(* Let $\Omega\subset\mathbb{R}^2$ be a convex polygon with $m$ sides, let $p\in\operatorname{int}\Omega$ and $r>0$. Then the Thompson ball $B_T(p,r)$ equals $B_F(p,r)\cap B_{rF}(p,r)$, and it is a convex polygon with at most $2m$ sides.
   Context: For distinct $p,q\in\operatorname{int}\Omega$, let $q'$ be the point where the ray from $p$ through $q$ meets $\partial\Omega$. The Funk weak metric is $F_\Omega(p,q)=\ln\frac{\|p-q'\|}{\|q-q'\|}$, with $F_\Omega(p,p)=0$. The reverse Funk metric is $rF_\Omega(p,q)=F_\Omega(q,p)$. The Thompson metric is $T_\Omega(p,q)=\max(F_\Omega(p,q),rF_\Omega(p,q))$. For a function $D\in\{F_\Omega,rF_\Omega,T_\Omega\}$, the ball of radius $r$ about $p$ is $B_D(p,r)=\{q\in\operatorname{int}\Omega: D(p,q)\le r\}$; these are written $B_F$, $B_{rF}$, $B_T$ respectively. *)

theory Defs
  imports "HOL-Analysis.Analysis"
begin

definition convex_polygon :: "(real^2) set \<Rightarrow> nat \<Rightarrow> bool" where
  "convex_polygon K n \<longleftrightarrow> polytope K \<and> aff_dim K = 2 \<and> card {F. F facet_of K} = n"

definition ray_exit :: "(real^2) set \<Rightarrow> real^2 \<Rightarrow> real^2 \<Rightarrow> real^2" where
  "ray_exit \<Omega> p q = (THE x. x \<in> frontier \<Omega> \<and> (\<exists>t>0. x = p + t *\<^sub>R (q - p)))"

definition funk :: "(real^2) set \<Rightarrow> real^2 \<Rightarrow> real^2 \<Rightarrow> real" where
  "funk \<Omega> p q = (if p = q then 0
     else ln (norm (p - ray_exit \<Omega> p q) / norm (q - ray_exit \<Omega> p q)))"

definition reverse_funk :: "(real^2) set \<Rightarrow> real^2 \<Rightarrow> real^2 \<Rightarrow> real" where
  "reverse_funk \<Omega> p q = funk \<Omega> q p"

definition thompson :: "(real^2) set \<Rightarrow> real^2 \<Rightarrow> real^2 \<Rightarrow> real" where
  "thompson \<Omega> p q = max (funk \<Omega> p q) (reverse_funk \<Omega> p q)"

definition dball :: "(real^2) set \<Rightarrow> ((real^2) set \<Rightarrow> real^2 \<Rightarrow> real^2 \<Rightarrow> real)
    \<Rightarrow> real^2 \<Rightarrow> real \<Rightarrow> (real^2) set" where
  "dball \<Omega> D p r = {q \<in> interior \<Omega>. D \<Omega> p q \<le> r}"

end

theory Submission
  imports Defs
begin

text \<open>For the Funk weak metric, \<open>F(p,q) \<le> r\<close> says that the ray from p through q leaves \<Omega>
no earlier than at \<open>p + c (q - p)\<close>, where \<open>c = e\<^sup>r / (e\<^sup>r - 1)\<close>; so the forward Funk ball is
the preimage of \<Omega> under the homothety of centre p and ratio c, and the reverse Funk ball is
the preimage under the homothety of ratio \<open>1 - c\<close>.
If \<Omega> is cut out by m half-planes, each preimage is cut out by m half-planes as well, so the
Thompson ball is a polygon cut out by 2m half-planes and has at most 2m edges.\<close>

definition homothety :: "'a::real_vector \<Rightarrow> real \<Rightarrow> 'a \<Rightarrow> 'a" where
  "homothety p k q = p + k *\<^sub>R (q - p)"

lemma halfspace_family_coeffs:
  assumes "\<forall>h\<in>H. \<exists>a b. a \<noteq> 0 \<and> h = {x. a \<bullet> x \<le> b}"
  obtains a b where "\<And>h. h \<in> H \<Longrightarrow> a h \<noteq> 0 \<and> h = {x. a h \<bullet> x \<le> b h}"
  using assms by metis

lemma polyhedron_minimal_rep_facet_point:
  fixes S :: "'a::euclidean_space set"
  assumes "finite F"
      and seq: "S = affine hull S \<inter> \<Inter>F"
      and faceq: "\<And>h. h \<in> F \<Longrightarrow> a h \<noteq> 0 \<and> h = {x. a h \<bullet> x \<le> b h}"
      and psub: "\<And>F'. F' \<subset> F \<Longrightarrow> S \<subset> affine hull S \<inter> \<Inter>F'"
      and "S \<noteq> {}" and h1: "h1 \<in> F"
  obtains w where "w \<in> S" "a h1 \<bullet> w = b h1" "\<And>h. h \<in> F - {h1} \<Longrightarrow> a h \<bullet> w < b h"
proof -
  have mem: "y \<in> h \<longleftrightarrow> a h \<bullet> y \<le> b h" if "h \<in> F" for h y
    using faceq[OF that] by blast
  have "polyhedron S"
    unfolding polyhedron_Int_affine by (intro exI[of _ F]) (use assms(1) seq faceq in blast)
  then have "rel_interior S \<noteq> {}"
    using \<open>S \<noteq> {}\<close> by (simp add: rel_interior_eq_empty polyhedron_imp_convex)
  then obtain x where "x \<in> rel_interior S" by blast
  then have xS: "x \<in> S" and xlt: "\<And>h. h \<in> F \<Longrightarrow> a h \<bullet> x < b h"
    using rel_interior_polyhedron_explicit[OF assms(1-4)] by auto
  obtain z where zaff: "z \<in> affine hull S" and zF: "z \<in> \<Inter>(F - {h1})" and zS: "z \<notin> S"
    using psub[of "F - {h1}"] h1 by blast
  have zle: "a h \<bullet> z \<le> b h" if "h \<in> F - {h1}" for h
    using zF that mem by blast
  have z1: "a h1 \<bullet> z > b h1"
  proof (rule ccontr)
    assume "\<not> a h1 \<bullet> z > b h1"
    then have "z \<in> h1" using mem[OF h1] by simp
    with zF have "z \<in> \<Inter>F" by blast
    with zaff zS seq show False by blast
  qed
  text \<open>The segment from x to z crosses the hyperplane of h1 strictly inside all other half-spaces.\<close>
  define t where "t = (b h1 - a h1 \<bullet> x) / (a h1 \<bullet> z - a h1 \<bullet> x)"
  have t0: "0 < t" and t1: "t < 1"
    using xlt[OF h1] z1 by (auto simp: t_def divide_less_eq)
  define w where "w = (1 - t) *\<^sub>R x + t *\<^sub>R z"
  have inner_w: "a h \<bullet> w = (1 - t) * (a h \<bullet> x) + t * (a h \<bullet> z)" for h
    by (simp add: w_def inner_add_right)
  have w1: "a h1 \<bullet> w = b h1"
  proof -
    have "t * (a h1 \<bullet> z - a h1 \<bullet> x) = b h1 - a h1 \<bullet> x"
      using xlt[OF h1] z1 by (simp add: t_def)
    then show ?thesis by (simp add: inner_w algebra_simps)
  qed
  have wlt: "a h \<bullet> w < b h" if "h \<in> F - {h1}" for h
  proof -
    have "(1 - t) * (a h \<bullet> x) < (1 - t) * b h"
      using xlt that t1 by simp
    moreover have "t * (a h \<bullet> z) \<le> t * b h"
      using zle[OF that] t0 by simp
    ultimately show ?thesis by (simp add: inner_w algebra_simps)
  qed
  have "w \<in> affine hull S"
    unfolding w_def using hull_inc[OF xS] zaff by (intro mem_affine affine_affine_hull) auto
  moreover have "w \<in> h" if "h \<in> F" for h
    using w1 wlt[of h] mem[OF that] that by (cases "h = h1") auto
  ultimately have "w \<in> S" using seq by blast
  then show thesis using w1 wlt by (rule that)
qed

lemma card_facets_polyhedron_minimal_rep:
  fixes S :: "'a::euclidean_space set"
  assumes "finite F"
      and seq: "S = affine hull S \<inter> \<Inter>F"
      and faceq: "\<And>h. h \<in> F \<Longrightarrow> a h \<noteq> 0 \<and> h = {x. a h \<bullet> x \<le> b h}"
      and psub: "\<And>F'. F' \<subset> F \<Longrightarrow> S \<subset> affine hull S \<inter> \<Inter>F'"
      and "S \<noteq> {}"
  shows "card {C. C facet_of S} = card F"
proof -
  have "inj_on (\<lambda>h. S \<inter> {x. a h \<bullet> x = b h}) F"
  proof (rule inj_onI, rule ccontr)
    fix h1 h2 assume h1: "h1 \<in> F" and h2: "h2 \<in> F" and "h1 \<noteq> h2"
      and eq: "S \<inter> {x. a h1 \<bullet> x = b h1} = S \<inter> {x. a h2 \<bullet> x = b h2}"
    obtain w where "w \<in> S" "a h1 \<bullet> w = b h1" and wlt: "\<And>h. h \<in> F - {h1} \<Longrightarrow> a h \<bullet> w < b h"
      using polyhedron_minimal_rep_facet_point[OF assms h1] by blast
    with eq have "a h2 \<bullet> w = b h2" by blast
    moreover have "a h2 \<bullet> w < b h2" using wlt h2 \<open>h1 \<noteq> h2\<close> by blast
    ultimately show False by simp
  qed
  moreover have "{C. C facet_of S} = (\<lambda>h. S \<inter> {x. a h \<bullet> x = b h}) ` F"
    using facet_of_polyhedron_explicit[OF assms(1-4)] by blast
  ultimately show ?thesis by (simp add: card_image)
qed

lemma card_facets_le_card_halfspaces:
  fixes S :: "'a::euclidean_space set"
  assumes "finite H" and seq: "S = affine hull S \<inter> \<Inter>H"
    and hs: "\<forall>h\<in>H. \<exists>a b. a \<noteq> 0 \<and> h = {x. a \<bullet> x \<le> b}"
  shows "card {C. C facet_of S} \<le> card H"
proof (cases "S = {}")
  case False
  define Reps where "Reps = {G. G \<subseteq> H \<and> S = affine hull S \<inter> \<Inter>G}"
  have "finite Reps" using \<open>finite H\<close> by (simp add: Reps_def)
  then obtain H' where H': "H' \<in> Reps" and min: "\<And>G. G \<in> Reps \<Longrightarrow> G \<le> H' \<Longrightarrow> H' = G"
    using finite_has_minimal2[of Reps H] seq by (auto simp: Reps_def)
  have "H' \<subseteq> H" and seq': "S = affine hull S \<inter> \<Inter>H'" using H' by (auto simp: Reps_def)
  have psub: "S \<subset> affine hull S \<inter> \<Inter>G" if "G \<subset> H'" for G
  proof (rule psubsetI)
    show "S \<subseteq> affine hull S \<inter> \<Inter>G"
      using seq' that by blast
    show "S \<noteq> affine hull S \<inter> \<Inter>G"
      using min[of G] that \<open>H' \<subseteq> H\<close> by (auto simp: Reps_def)
  qed
  have hs': "\<forall>h\<in>H'. \<exists>a b. a \<noteq> 0 \<and> h = {x. a \<bullet> x \<le> b}"
    using hs \<open>H' \<subseteq> H\<close> by blast
  obtain a b where ab: "\<And>h. h \<in> H' \<Longrightarrow> a h \<noteq> 0 \<and> h = {x. a h \<bullet> x \<le> b h}"
    using halfspace_family_coeffs[OF hs'] by blast
  have "card {C. C facet_of S} = card H'"
    using finite_subset[OF \<open>H' \<subseteq> H\<close> \<open>finite H\<close>] seq' ab psub False
    by (rule card_facets_polyhedron_minimal_rep)
  also have "\<dots> \<le> card H" using \<open>finite H\<close> \<open>H' \<subseteq> H\<close> by (rule card_mono)
  finally show ?thesis .
qed simp

lemma polyhedron_halfspace_rep_card_facets:
  fixes S :: "'a::euclidean_space set"
  assumes "polyhedron S" and "S \<noteq> {}"
  obtains H where "finite H" "S = affine hull S \<inter> \<Inter>H"
    "\<forall>h\<in>H. \<exists>a b. a \<noteq> 0 \<and> h = {x. a \<bullet> x \<le> b}" "card H = card {C. C facet_of S}"
proof -
  obtain H where "finite H" and seq: "S = affine hull S \<inter> \<Inter>H"
    and hs: "\<forall>h\<in>H. \<exists>a b. a \<noteq> 0 \<and> h = {x. a \<bullet> x \<le> b}"
    and psub: "\<forall>G. G \<subset> H \<longrightarrow> S \<subset> affine hull S \<inter> \<Inter>G"
    using assms(1) unfolding polyhedron_Int_affine_minimal by (elim exE conjE) (rule that)
  obtain a b where ab: "\<And>h. h \<in> H \<Longrightarrow> a h \<noteq> 0 \<and> h = {x. a h \<bullet> x \<le> b h}"
    using halfspace_family_coeffs[OF hs] by blast
  have "card {C. C facet_of S} = card H"
    using card_facets_polyhedron_minimal_rep[OF \<open>finite H\<close> seq ab _ assms(2)] psub by blast
  with \<open>finite H\<close> seq hs show thesis by (intro that) auto
qed

lemma vimage_homothety_halfspace:
  fixes a p :: "'a::real_inner"
  assumes "a \<noteq> 0" and "k \<noteq> 0"
  shows "\<exists>a' b'. a' \<noteq> 0 \<and> homothety p k -` {x. a \<bullet> x \<le> b} = {x. a' \<bullet> x \<le> b'}"
proof (intro exI conjI)
  show "k *\<^sub>R a \<noteq> 0" using assms by simp
  show "homothety p k -` {x. a \<bullet> x \<le> b} = {x. (k *\<^sub>R a) \<bullet> x \<le> b - a \<bullet> p + k * (a \<bullet> p)}"
    by (auto simp: homothety_def inner_simps algebra_simps)
qed

lemma bounded_vimage_homothety:
  fixes p :: "'a::real_normed_vector"
  assumes "compact S" and "k \<noteq> 0"
  shows "bounded (homothety p k -` S)"
proof -
  have "homothety p k -` S \<subseteq> homothety p (inverse k) ` S"
  proof
    fix q assume "q \<in> homothety p k -` S"
    moreover have "q = homothety p (inverse k) (homothety p k q)"
      using \<open>k \<noteq> 0\<close> by (simp add: homothety_def)
    ultimately show "q \<in> homothety p (inverse k) ` S" by blast
  qed
  moreover have "compact (homothety p (inverse k) ` S)"
    using \<open>compact S\<close> by (intro compact_continuous_image)
      (auto simp: homothety_def intro!: continuous_intros)
  ultimately show ?thesis by (meson bounded_subset compact_imp_bounded)
qed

**EXERCISE DETAILS**
Everything in the material above from the line that has "max (funk \<Omega>" through the line that has "the preimage of" must be duplicated exactly, with no other lines given.

**ANSWER TO THE EXERCISE**
  "thompson \<Omega> p q = max (funk \<Omega> p q) (reverse_funk \<Omega> p q)"

definition dball :: "(real^2) set \<Rightarrow> ((real^2) set \<Rightarrow> real^2 \<Rightarrow> real^2 \<Rightarrow> real)
    \<Rightarrow> real^2 \<Rightarrow> real \<Rightarrow> (real^2) set" where
  "dball \<Omega> D p r = {q \<in> interior \<Omega>. D \<Omega> p q \<le> r}"

end

theory Submission
  imports Defs
begin

text \<open>For the Funk weak metric, \<open>F(p,q) \<le> r\<close> says that the ray from p through q leaves \<Omega>
no earlier than at \<open>p + c (q - p)\<close>, where \<open>c = e\<^sup>r / (e\<^sup>r - 1)\<close>; so the forward Funk ball is
the preimage of \<Omega> under the homothety of centre p and ratio c, and the reverse Funk ball is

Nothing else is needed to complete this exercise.